Looking back now, I am made to understand how small a part my own ability played in the matter. First, you needed someone with enough political weight inside the firm to create a vacancy for you. Second, the market had to be in your favor (it was 2006, which turned out to have been one of the very best years). Third — because such precedents create a sense of unfairness among the other contract and temp employees — there had to be sufficient evidence that the individual involved was capable enough to justify the exception.
The third of these one could address through effort. The first two were not within reach of ability or character alone. To have been employed as a temp in that particular office, in the April of 2006 — which, looking back, was just before the financial crisis began to gather — was simple good fortune.
Several similarly difficult things have happened in the years since. There was, for instance, the move to Unison Capital as an investment professional, despite my having had only middle-office experience; and then the matter of founding a microfinance business in Japan — a field with which the country was largely unfamiliar — and not only keeping it from collapse but actually growing it. None of these, when I look at them honestly, can I attribute to my own ability alone.
As I mentioned at the start of this piece, the difficulty of getting from a graduate of Chosen University with two unaccounted-for years on his résumé to where I am now is, in the estimation of the artificial intelligences I consulted, more difficult than a camel passing through the eye of a needle. So when a friend asked me recently whether I would want to do my life over, I answered at once: “No — this life of mine has been too lucky. I would not.”
I am, of course, aware of having done a certain minimum of things on my own part. I did, I think, do my best to study and to work in earnest; and when I failed or was treated unkindly, I tried, as far as I could, not to lose heart and not to lose my integrity. That I was raised to such a temperament I owe to my parents. Whatever capacity I have for symbolic processing I owe, I suspect, to go — and that too I owe to my parents, who secured help from relatives so that they could send me to the academy.
But none of that, by itself, was enough.

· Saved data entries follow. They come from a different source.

lemma Jfun_coercive:
  obtains K where "\<And>u y. u \<in> LM T M \<Longrightarrow> y 0 = 0 \<Longrightarrow>
    pmin/4 * (\<Sum>j<T+1. (fdiff y j)\<^sup>2) - K \<le> Jfun T p f g u y"
proof -
  obtain C where C: "\<And>k y u. k \<in> {1..T} \<Longrightarrow> \<bar>u\<bar> \<le> M \<Longrightarrow> Fprim f k y u \<le> C k"
    using Fprim_bounded_above by blast
  define G where "G = (\<Sum>k = 1..T. \<bar>g k\<bar>)"
  have "pmin/4 * (\<Sum>j<T+1. (fdiff y j)\<^sup>2) - ((T+1) * (G\<^sup>2/pmin) + (\<Sum>k = 1..T. C k))
        \<le> Jfun T p f g u y" if u: "u \<in> LM T M" and "y 0 = 0" for u y
  proof -
    have "(\<Sum>k = 1..T. Fprim f k (y k) (u k)) \<le> (\<Sum>k = 1..T. C k)"
      by (rule sum_mono) (use C LM_abs_le[OF u] in auto)
    moreover have "pmin/4 * (\<Sum>j<T+1. (fdiff y j)\<^sup>2) - (T+1) * (G\<^sup>2/pmin)
        = (\<Sum>j<T+1. pmin/4 * (fdiff y j)\<^sup>2 - G\<^sup>2/pmin)"
      by (simp only: sum_subtractf sum_distrib_left sum_constant) simp
    moreover have "\<dots> \<le> (\<Sum>j<T+1. pmin/2 * (fdiff y j)\<^sup>2 - G * \<bar>fdiff y j\<bar>)"
      by (rule sum_mono) (rule half_sq_minus_linear_ge[OF pmin_pos])
    moreover have "\<dots> = (\<Sum>j<T+1. pmin/2 * (fdiff y j)\<^sup>2) - G * (\<Sum>j<T+1. \<bar>fdiff y j\<bar>)"
      by (simp only: sum_subtractf sum_distrib_left)
    ultimately show ?thesis
      using kinetic_term_ge[of y] source_term_ge[where y=y, OF \<open>y 0 = 0\<close>]
      unfolding Jfun_def G_def by linarith
  qed
  then show ?thesis by (rule that)
qed

lemma Jfun_sublevel_bounded:
  obtains R where "\<And>u y k. u \<in> LM T M \<Longrightarrow> y \<in> Espace T \<Longrightarrow> Jfun T p f g u y \<le> L \<Longrightarrow> \<bar>y k\<bar> \<le> R"
proof -
  obtain K where K: "\<And>u y. u \<in> LM T M \<Longrightarrow> y 0 = 0 \<Longrightarrow>
      pmin/4 * (\<Sum>j<T+1. (fdiff y j)\<^sup>2) - K \<le> Jfun T p f g u y"
    using Jfun_coercive by blast
  define Q where "Q = 4 * (L + K) / pmin"
  have "\<bar>y k\<bar> \<le> (T+1) * (1 + Q)"
    if u: "u \<in> LM T M" and y: "y \<in> Espace T" and J: "Jfun T p f g u y \<le> L" for u y k
  proof -
    have y0: "y 0 = 0" using y by (simp add: Espace_def)
    have "pmin/4 * (\<Sum>j<T+1. (fdiff y j)\<^sup>2) \<le> L + K" using K[of u y, OF u y0] J by linarith
    then have Q: "(\<Sum>j<T+1. (fdiff y j)\<^sup>2) \<le> Q" using pmin_pos by (simp add: Q_def field_simps)
    have "\<bar>fdiff y j\<bar> \<le> 1 + Q" if "j < T+1" for j
    proof -
      have "(fdiff y j)\<^sup>2 \<le> (\<Sum>j<T+1. (fdiff y j)\<^sup>2)"
        by (rule member_le_sum) (use that in auto)
      moreover have "\<bar>fdiff y j\<bar> \<le> 1 + (fdiff y j)\<^sup>2"
        by (rule abs_le_1_plus_power2)
      ultimately show ?thesis using Q by linarith
    qed
    then have "(\<Sum>j<T+1. \<bar>fdiff y j\<bar>) \<le> (T+1) * (1 + Q)"
      using sum_mono[of "{..<T+1}" "\<lambda>j. \<bar>fdiff y j\<bar>" "\<lambda>_. 1 + Q"] by simp
    moreover have "\<bar>y k\<bar> \<le> (\<Sum>j<T+1. \<bar>fdiff y j\<bar>)"
    proof (cases "k \<le> T + 1")
      case True
      then show ?thesis by (rule abs_le_sum_abs_fdiff[where y=y, OF y0])
    next
      case False
      then have "y k = 0" using y by (simp add: Espace_def)
      then show ?thesis by (simp add: sum_nonneg)
    qed
    ultimately show ?thesis by linarith
  qed
  then show ?thesis by (rule that)
qed

lemma Jfun_zero: "Jfun T p f g u (\<lambda>_. 0) = 0"
  by (simp add: Jfun_def fdiff_def Fprim_eq_signed_integral)

lemma Jfun_tendsto:
  assumes zs: "\<And>k. (\<lambda>n. zs n k) \<longlonglongrightarrow> z k"
    and us: "\<And>k. k \<in> {1..T} \<Longrightarrow> (\<lambda>n. us n k) \<longlonglongrightarrow> u k"
    and usL: "\<And>n. us n \<in> LM T M" and uL: "u \<in> LM T M"
  shows "(\<lambda>n. Jfun T p f g (us n) (zs n)) \<longlonglongrightarrow> Jfun T p f g u z"
proof -
  have F: "(\<lambda>n. \<Sum>k = 1..T. Fprim f k (zs n k) (us n k)) \<longlonglongrightarrow> (\<Sum>k = 1..T. Fprim f k (z k) (u k))"
    by (rule tendsto_sum) (auto intro!: Fprim_tendsto zs us LM_abs_le[OF usL] LM_abs_le[OF uL])
  show ?thesis
    unfolding Jfun_def fdiff_def
    by (intro tendsto_add tendsto_diff F tendsto_sum tendsto_mult tendsto_const zs tendsto_power)
qed

lemma Jfun_directional_derivative:
  assumes u: "u \<in> LM T M"
  shows "((\<lambda>t. Jfun T p f g u (\<lambda>k. x k + t * h k)) has_real_derivative
    (\<Sum>k = 1..T+1. p k * fdiff x (k-1) * fdiff h (k-1)) - (\<Sum>k = 1..T. f k (x k) (u k) * h k)
      + (\<Sum>k = 1..T. g k * h k)) (at 0)"
proof -
  have fdiff_add_scaled: "fdiff (\<lambda>k. x k + t * h k) j = fdiff x j + t * fdiff h j" for t j
    by (simp add: fdiff_def algebra_simps)
  have F: "((\<lambda>t. Fprim f k (x k + t * h k) (u k)) has_real_derivative f k (x k) (u k) * h k) (at 0)"
    if k: "k \<in> {1..T}" for k
  proof -
    have "((\<lambda>t. x k + t * h k) has_real_derivative h k) (at 0)"
      by (auto intro!: derivative_eq_intros)
    then show ?thesis
      using DERIV_chain2[where f="\<lambda>y. Fprim f k y (u k)" and g="\<lambda>t. x k + t * h k" and x=0 and s=UNIV]
        Fprim_has_real_derivative[OF k LM_abs_le[OF u k], of "x k"]
      by simp
  qed
  show ?thesis
    unfolding Jfun_def fdiff_add_scaled
    by (intro DERIV_add DERIV_diff DERIV_sum F) (auto intro!: derivative_eq_intros)
qed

It is because there were people watching me, who saw fit at certain crucial moments to feel sorry for me and to extend a hand, that I am where I am now. The latter is not something one can control. It is simply, in the end, good fortune.
Gojo had a difficult year last year. But to me, having come from the underground stratum of the business world, the situation I now find myself in remains, even after such trouble, like something out of a dream. If I were to describe last year’s troubles to my twenty-years-ago self in dejected tones, he would, I suspect, stare blankly at me and ask why on earth I was upset. I am, after all, living inside one of the most favourable scenarios — perhaps less than 0.01% probabiliy — that he could possibly have imagined.
Beyond meditation, beyond ultra-marathons, I think it is the difficulties of those younger years that account for whatever resilience I have. To know that if, at the very worst, everything were to be taken from me, I would still understand the shape of the life that lay beyond — to have my past self’s quiet confidence that one would, even then, go on living — is no small thing.
I do not know exactly who is reading this note. But I suspect there is a certain number of people for whom, through some accumulation of coincidence and misfortune, life has become very hard. To continue working sincerely without losing heart is no guarantee that some road will open before one. Deliberate action is a necessary condition for the present to improve; it is not a sufficient one.
But we have only the one life, and so, if one is not to regret it afterwards, I think one has nothing to do but to do one’s best each day. Treat the results as more or less a product of chance; and whatever happens, day by day, live a life that one can be at peace with.